Mr. Gray turned his hoe over, and began to hack at the ground. "I see how you feel," he began, "but--"

"If Thomas could do it evenings, at whatever the rate is around here by the hour, I should be very glad. If not, please find me a boy."

"Well?" demanded her husband, as she paused for breath.

"Well, Howard Gray, the first of them little changes is to be a great big piazza, to go across the whole front of the house! 'The kitchen porch is so small an' crowded,' says she, 'an' you can't see the river from there; I want a place to sit out evenings. Can't I have the fireplaces in my rooms unbricked,' she went on, 'an' the rooms re-papered an' painted? An', oh,--I've never lived in a house where there wasn't a bathroom before, an' I want to make that big closet with a window off my bedroom into one. We'll have a door cut through it into the hall, too,' says she, 'an' isn't there a closet just like it overhead? If we can get a plumber here--they're such slippery customers--he might as well put in two bathrooms as one, while he's about it, an' you shan't do my great washin's any more without some good set-tubs.
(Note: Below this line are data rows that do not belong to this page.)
lemma proj_rkernel_orthogonal_shifts:
  assumes f: "f \<in> H" "vanishes_to d f" and q: "q \<in> cyclic H ip f" and k: "k \<ge> 1"
  shows "ip (proj ip (cyclic H ip f) (rkernel H ip d 0)) (\<lambda>z. z ^ k * q z) = 0"
proof -
  define g where "g = proj ip (cyclic H ip f) (rkernel H ip d 0)"
  have "g \<in> H" "q \<in> H"
    using proj_rkernel_in_cyclic[OF f(1)] q cyclic_subset_H by (auto simp: g_def)
  have "ip (\<lambda>z. z ^ k * q z) g = (deriv ^^ d) (\<lambda>z. z ^ k * q z) 0"
    unfolding g_def by (rule ip_proj_rkernel[OF f(1) cyclic_mult_power[OF f(1) q]])
  also have "\<dots> = 0"
    by (rule higher_deriv_mult_power_eq_0[OF \<open>q \<in> H\<close> cyclic_vanishes_to[OF f q] k])
  finally show ?thesis
    using ip_commute[OF mult_power_in[OF \<open>q \<in> H\<close>] \<open>g \<in> H\<close>] by (simp add: g_def)
qed

lemma proj_rkernel_nonzero:
  assumes f: "f \<in> H" and d: "(deriv ^^ d) f 0 \<noteq> 0"
  shows "proj ip (cyclic H ip f) (rkernel H ip d 0) \<noteq> 0"
proof
  assume "proj ip (cyclic H ip f) (rkernel H ip d 0) = 0"
  then have "ip f (proj ip (cyclic H ip f) (rkernel H ip d 0)) = 0" using f by simp
  then show False using ip_proj_rkernel[OF f in_cyclic_self[OF f]] d by simp
qed

lemma H_inner_proj_rkernel:
  assumes f: "f \<in> H" "f \<noteq> 0"
  shows "H_inner H ip (proj ip (cyclic H ip f) (rkernel H ip (ord0 f) 0))"
proof -
  define g where "g = proj ip (cyclic H ip f) (rkernel H ip (ord0 f) 0)"
  have "g \<in> cyclic H ip f" unfolding g_def by (rule proj_rkernel_in_cyclic[OF f(1)])
  then show ?thesis
    using proj_rkernel_orthogonal_shifts[OF f(1) ord0_props(2)[OF f]] cyclic_subset_H
      proj_rkernel_nonzero[OF f(1) ord0_props(1)[OF f]]
    by (auto simp: H_inner_def g_def)
qed

lemma H_inner_smul:
  assumes g: "H_inner H ip g" and c: "c \<noteq> 0" shows "H_inner H ip (smul c g)"
proof -
  have gH: "g \<in> H" and "g \<noteq> 0" and orth: "\<And>k. k \<ge> 1 \<Longrightarrow> ip g (\<lambda>z. z ^ k * g z) = 0"
    using g by (auto simp: H_inner_def)
  have "smul c g \<noteq> 0" using c \<open>g \<noteq> 0\<close> by (auto simp: smul_def fun_eq_iff)
  moreover have "(\<lambda>z. z ^ k * smul c g z) = smul c (\<lambda>z. z ^ k * g z)" for k
    by (simp add: smul_def fun_eq_iff algebra_simps)
  ultimately show ?thesis
    using gH mult_power_in[OF gH] orth by (simp add: H_inner_def ip_smul ip_smul_right)
qed

lemma H_inner_eq_smul:
  assumes f: "H_inner H ip f" and g: "g \<in> cyclic H ip f" "g \<noteq> 0"
    and orth: "\<And>k. k \<ge> 1 \<Longrightarrow> ip g (\<lambda>z. z ^ k * f z) = 0"
  shows "\<exists>c. c \<noteq> 0 \<and> f = smul c g"
proof -
  have fH: "f \<in> H" and "f \<noteq> 0" and f_orth: "\<And>k. k \<ge> 1 \<Longrightarrow> ip f (\<lambda>z. z ^ k * f z) = 0"
    using f by (auto simp: H_inner_def)
  have gH: "g \<in> H" using g cyclic_subset_H by auto
  have "ip f f \<noteq> 0" using ip_self_eq_0 fH \<open>f \<noteq> 0\<close> by blast
  define \<alpha> where "\<alpha> = ip g f / ip f f"
  define h where "h = g - smul \<alpha> f"
  have V: "hsubspace (cyclic H ip f)"
    using closed_hsubspace_cyclic[OF fH] by (simp add: closed_hsubspace_def)
  then have "smul \<alpha> f \<in> cyclic H ip f" using in_cyclic_self[OF fH] by (simp add: hsubspace_def)
  then have "h \<in> cyclic H ip f" unfolding h_def by (rule hsubspace_diff[OF V g(1)])
  moreover have "ip h (\<lambda>z. z ^ k * f z) = 0" for k
  proof (cases "k = 0")
    case True
    then show ?thesis using fH gH \<open>ip f f \<noteq> 0\<close> by (simp add: h_def \<alpha>_def ip_diff ip_smul)
  next
    case False
    then show ?thesis using fH gH orth f_orth mult_power_in[OF fH] by (simp add: h_def ip_diff ip_smul)
  qed
  ultimately have "h = 0" by (rule cyclic_orthogonal_eq_0[OF fH])
  then have "g = smul \<alpha> f" by (simp add: h_def)
  have "\<alpha> \<noteq> 0"
  proof
    assume "\<alpha> = 0"
    then have "g = 0" using \<open>g = smul \<alpha> f\<close> by (simp add: smul_def zero_fun_def)
    then show False using g(2) by blast
  qed
  moreover have "f = smul (1 / \<alpha>) g"
    using \<open>g = smul \<alpha> f\<close> \<open>\<alpha> \<noteq> 0\<close> by (simp add: smul_def fun_eq_iff)
  ultimately show ?thesis by (intro exI[of _ "1 / \<alpha>"]) simp
qed

end

theorem mainTheorem1:
  assumes "rkhs_setting \<Omega> H ip" and "f \<in> H" and "f \<noteq> 0"
  shows "(H_inner H ip f \<longleftrightarrow>
           (\<exists>c. c \<noteq> 0 \<and> f = smul c (proj ip (cyclic H ip f) (rkernel H ip (ord0 f) 0))))
         \<and> H_inner H ip (proj ip (cyclic H ip f) (rkernel H ip (ord0 f) 0))"
proof -
  interpret rkhs \<Omega> H ip by (rule rkhs_setting_imp_rkhs[OF assms(1)])
  define g where "g = proj ip (cyclic H ip f) (rkernel H ip (ord0 f) 0)"
  have g_inner: "H_inner H ip g"
    unfolding g_def by (rule H_inner_proj_rkernel[OF assms(2,3)])
  have "g \<in> cyclic H ip f" unfolding g_def by (rule proj_rkernel_in_cyclic[OF assms(2)])
  moreover have "ip g (\<lambda>z. z ^ k * f z) = 0" if "k \<ge> 1" for k
    unfolding g_def
    by (rule proj_rkernel_orthogonal_shifts[OF assms(2) ord0_props(2)[OF assms(2,3)]
          in_cyclic_self[OF assms(2)] that])
  moreover have "g \<noteq> 0" using g_inner by (simp add: H_inner_def)
  ultimately have "H_inner H ip f \<Longrightarrow> \<exists>c. c \<noteq> 0 \<and> f = smul c g"
    using H_inner_eq_smul by blast
  moreover have "H_inner H ip f" if "c \<noteq> 0" "f = smul c g" for c
    using H_inner_smul[OF g_inner that(1)] that(2) by simp
  ultimately show ?thesis using g_inner unfolding g_def by blast
qed

end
An' Mrs. Gray, kerosene lamps do heat up the rooms so in summer,--if there's an electrician anywhere around here--' 'Mrs. Cary,' says I, 'you're an angel right out of Heaven, but we can't accept all this from you. It means two thousand dollars, straight.' 'About what I should pay in two months for my living expenses anywhere else,' says she. 'Favors! It's you who are kind to let me stay here, an' not mind my tearin' your house all to pieces. Thomas is goin' to drive me up to Wallacetown this evenin' to see if we can find some mechanics'; an' she got up, an' kissed me, an' strolled off."

"Thomas thinks she's the eighth wonder of the world," said his father; "she can just wind him around her little finger."

"She's windin' us all," replied his wife, "an' we're standin' grateful-like, waitin' to be wound."

"That's so--all except Austin. Austin's mad as a hatter at what she got him to do Sunday morning; he doesn't like her, Mary."

"Humph!" said his wife.

"Good-bye, Mrs. Gray, I'm going for a ride."

"Good-bye, dearie; sure it ain't too hot?"

"Not a bit; it's rained so hard all this week that I haven't had a bit of exercise, and I'm getting cross."

"Cross! I'd like to see you once! It still looks kinder thunderous to me off in the West, so don't go far."

"I won't, I promise; I'll be back by supper-time. There's Austin, just up from the hayfield--I'll get him to saddle for me." And Sylvia ran quickly towards the barn.

"You don't mean to say you're going out this torrid day?" he demanded, lifting his head from the tin bucket in which he had submerged it as she voiced her request, and eyeing her black linen habit with disfavor.

"It's no hotter on the highroad than in the hayfield."

"Very true; but I have to go, and you don't. Being one of the favored few of this earth, there's no reason why you shouldn't sit on a shady porch all day, dressed in cool, pale-green muslin, and sipping iced drinks."

"Did you ever see me in a green muslin? I'll saddle Dolly myself, if you don't feel like it."

She spoke very quietly, but the immediate consciousness of his stupid break did not improve Austin's bad temper.